■ **Activity**:
After finding the line containing "set \<Rightarrow> 'a" below, please output that line and each following one through the line containing "i | i. i \<in>", exactly as written.

Collected data:
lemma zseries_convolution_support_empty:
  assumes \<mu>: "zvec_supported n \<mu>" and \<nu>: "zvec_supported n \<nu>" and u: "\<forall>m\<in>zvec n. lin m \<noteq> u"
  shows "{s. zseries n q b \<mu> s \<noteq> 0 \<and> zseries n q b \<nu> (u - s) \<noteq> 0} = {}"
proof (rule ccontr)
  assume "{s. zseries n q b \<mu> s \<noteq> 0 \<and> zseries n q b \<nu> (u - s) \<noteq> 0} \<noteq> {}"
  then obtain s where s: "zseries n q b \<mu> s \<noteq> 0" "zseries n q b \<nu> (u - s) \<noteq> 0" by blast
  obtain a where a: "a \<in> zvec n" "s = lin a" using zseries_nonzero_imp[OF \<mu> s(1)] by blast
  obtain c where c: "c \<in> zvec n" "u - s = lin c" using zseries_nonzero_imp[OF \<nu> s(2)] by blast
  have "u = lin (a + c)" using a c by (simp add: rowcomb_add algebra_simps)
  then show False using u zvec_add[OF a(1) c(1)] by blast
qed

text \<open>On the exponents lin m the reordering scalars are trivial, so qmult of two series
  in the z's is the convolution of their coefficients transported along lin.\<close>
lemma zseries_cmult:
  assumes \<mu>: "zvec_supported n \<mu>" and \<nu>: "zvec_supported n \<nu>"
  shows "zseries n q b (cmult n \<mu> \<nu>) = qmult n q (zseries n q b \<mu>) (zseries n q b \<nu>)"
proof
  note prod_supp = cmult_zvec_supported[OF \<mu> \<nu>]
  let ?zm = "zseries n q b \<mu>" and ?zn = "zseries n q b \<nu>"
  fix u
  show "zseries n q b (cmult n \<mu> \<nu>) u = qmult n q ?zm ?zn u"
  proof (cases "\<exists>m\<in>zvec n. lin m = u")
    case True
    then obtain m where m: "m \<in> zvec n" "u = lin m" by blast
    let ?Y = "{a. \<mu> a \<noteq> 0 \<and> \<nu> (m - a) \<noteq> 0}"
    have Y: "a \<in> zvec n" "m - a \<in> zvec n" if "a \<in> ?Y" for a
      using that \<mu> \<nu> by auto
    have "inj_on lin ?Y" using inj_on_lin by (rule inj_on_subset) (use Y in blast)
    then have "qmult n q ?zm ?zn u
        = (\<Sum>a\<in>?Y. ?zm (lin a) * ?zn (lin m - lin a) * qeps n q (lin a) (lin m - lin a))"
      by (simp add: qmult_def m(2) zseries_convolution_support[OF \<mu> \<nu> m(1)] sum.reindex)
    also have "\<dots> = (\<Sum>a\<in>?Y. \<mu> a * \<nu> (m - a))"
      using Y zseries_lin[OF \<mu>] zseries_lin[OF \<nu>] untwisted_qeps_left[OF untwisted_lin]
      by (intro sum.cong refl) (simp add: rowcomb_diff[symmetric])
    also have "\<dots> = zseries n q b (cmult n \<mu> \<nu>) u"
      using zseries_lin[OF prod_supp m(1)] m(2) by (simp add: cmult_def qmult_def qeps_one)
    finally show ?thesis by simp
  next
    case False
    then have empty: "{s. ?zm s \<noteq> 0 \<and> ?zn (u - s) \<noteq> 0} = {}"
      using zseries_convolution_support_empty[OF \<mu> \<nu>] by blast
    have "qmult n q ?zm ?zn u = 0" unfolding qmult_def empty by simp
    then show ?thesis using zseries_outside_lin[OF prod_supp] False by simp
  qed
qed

---

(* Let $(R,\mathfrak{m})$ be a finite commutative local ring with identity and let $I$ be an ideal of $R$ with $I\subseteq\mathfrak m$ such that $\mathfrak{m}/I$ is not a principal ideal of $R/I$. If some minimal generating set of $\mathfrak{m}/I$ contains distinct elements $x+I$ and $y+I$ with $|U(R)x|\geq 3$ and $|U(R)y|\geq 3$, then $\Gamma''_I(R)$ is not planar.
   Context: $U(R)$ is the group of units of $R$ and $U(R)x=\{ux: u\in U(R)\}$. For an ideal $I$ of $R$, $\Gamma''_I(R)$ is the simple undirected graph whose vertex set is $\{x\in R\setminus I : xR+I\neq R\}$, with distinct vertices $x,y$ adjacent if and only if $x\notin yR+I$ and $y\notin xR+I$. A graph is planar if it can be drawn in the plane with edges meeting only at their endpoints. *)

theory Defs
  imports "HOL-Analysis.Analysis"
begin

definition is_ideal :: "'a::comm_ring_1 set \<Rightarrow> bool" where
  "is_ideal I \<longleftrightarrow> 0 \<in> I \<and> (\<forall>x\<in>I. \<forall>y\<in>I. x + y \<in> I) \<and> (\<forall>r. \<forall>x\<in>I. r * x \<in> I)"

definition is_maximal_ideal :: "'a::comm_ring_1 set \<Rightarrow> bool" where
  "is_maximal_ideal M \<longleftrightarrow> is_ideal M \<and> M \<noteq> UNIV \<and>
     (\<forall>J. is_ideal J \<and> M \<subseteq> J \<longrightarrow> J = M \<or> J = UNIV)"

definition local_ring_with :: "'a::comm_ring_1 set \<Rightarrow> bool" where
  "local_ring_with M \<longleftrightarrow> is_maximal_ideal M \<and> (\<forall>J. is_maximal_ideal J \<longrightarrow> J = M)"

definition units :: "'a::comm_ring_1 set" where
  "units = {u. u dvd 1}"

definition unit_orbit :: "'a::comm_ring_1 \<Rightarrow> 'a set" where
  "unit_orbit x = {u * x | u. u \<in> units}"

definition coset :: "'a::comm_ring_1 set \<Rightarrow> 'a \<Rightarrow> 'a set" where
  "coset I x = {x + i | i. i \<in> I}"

--

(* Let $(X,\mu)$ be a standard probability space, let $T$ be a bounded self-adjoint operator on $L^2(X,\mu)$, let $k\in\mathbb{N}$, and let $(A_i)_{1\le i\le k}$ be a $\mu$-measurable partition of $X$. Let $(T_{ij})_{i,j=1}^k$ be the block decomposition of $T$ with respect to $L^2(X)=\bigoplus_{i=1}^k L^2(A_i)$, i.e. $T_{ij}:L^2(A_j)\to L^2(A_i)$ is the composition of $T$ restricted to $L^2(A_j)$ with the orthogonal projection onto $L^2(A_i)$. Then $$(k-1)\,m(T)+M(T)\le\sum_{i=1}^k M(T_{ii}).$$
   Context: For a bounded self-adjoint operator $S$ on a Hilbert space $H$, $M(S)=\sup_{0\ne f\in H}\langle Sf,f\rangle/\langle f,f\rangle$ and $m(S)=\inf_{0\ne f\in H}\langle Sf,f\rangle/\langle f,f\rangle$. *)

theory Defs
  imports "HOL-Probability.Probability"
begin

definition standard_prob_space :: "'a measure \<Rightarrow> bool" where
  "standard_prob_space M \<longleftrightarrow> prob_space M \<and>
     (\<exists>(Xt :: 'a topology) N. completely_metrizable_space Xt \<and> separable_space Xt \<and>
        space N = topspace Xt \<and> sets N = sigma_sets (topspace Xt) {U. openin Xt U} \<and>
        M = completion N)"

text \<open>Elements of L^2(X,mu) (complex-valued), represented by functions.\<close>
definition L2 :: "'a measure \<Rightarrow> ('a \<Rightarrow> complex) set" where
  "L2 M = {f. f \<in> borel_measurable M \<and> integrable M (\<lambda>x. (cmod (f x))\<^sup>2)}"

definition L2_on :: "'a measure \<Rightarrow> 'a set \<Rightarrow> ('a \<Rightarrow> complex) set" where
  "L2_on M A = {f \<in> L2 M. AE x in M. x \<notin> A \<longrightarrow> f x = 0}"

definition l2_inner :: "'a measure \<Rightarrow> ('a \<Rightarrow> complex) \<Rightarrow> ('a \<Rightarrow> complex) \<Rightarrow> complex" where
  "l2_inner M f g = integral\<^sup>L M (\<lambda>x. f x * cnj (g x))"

■ **Solution for this task**:
definition coset :: "'a::comm_ring_1 set \<Rightarrow> 'a \<Rightarrow> 'a set" where
  "coset I x = {x + i | i. i \<in> I}"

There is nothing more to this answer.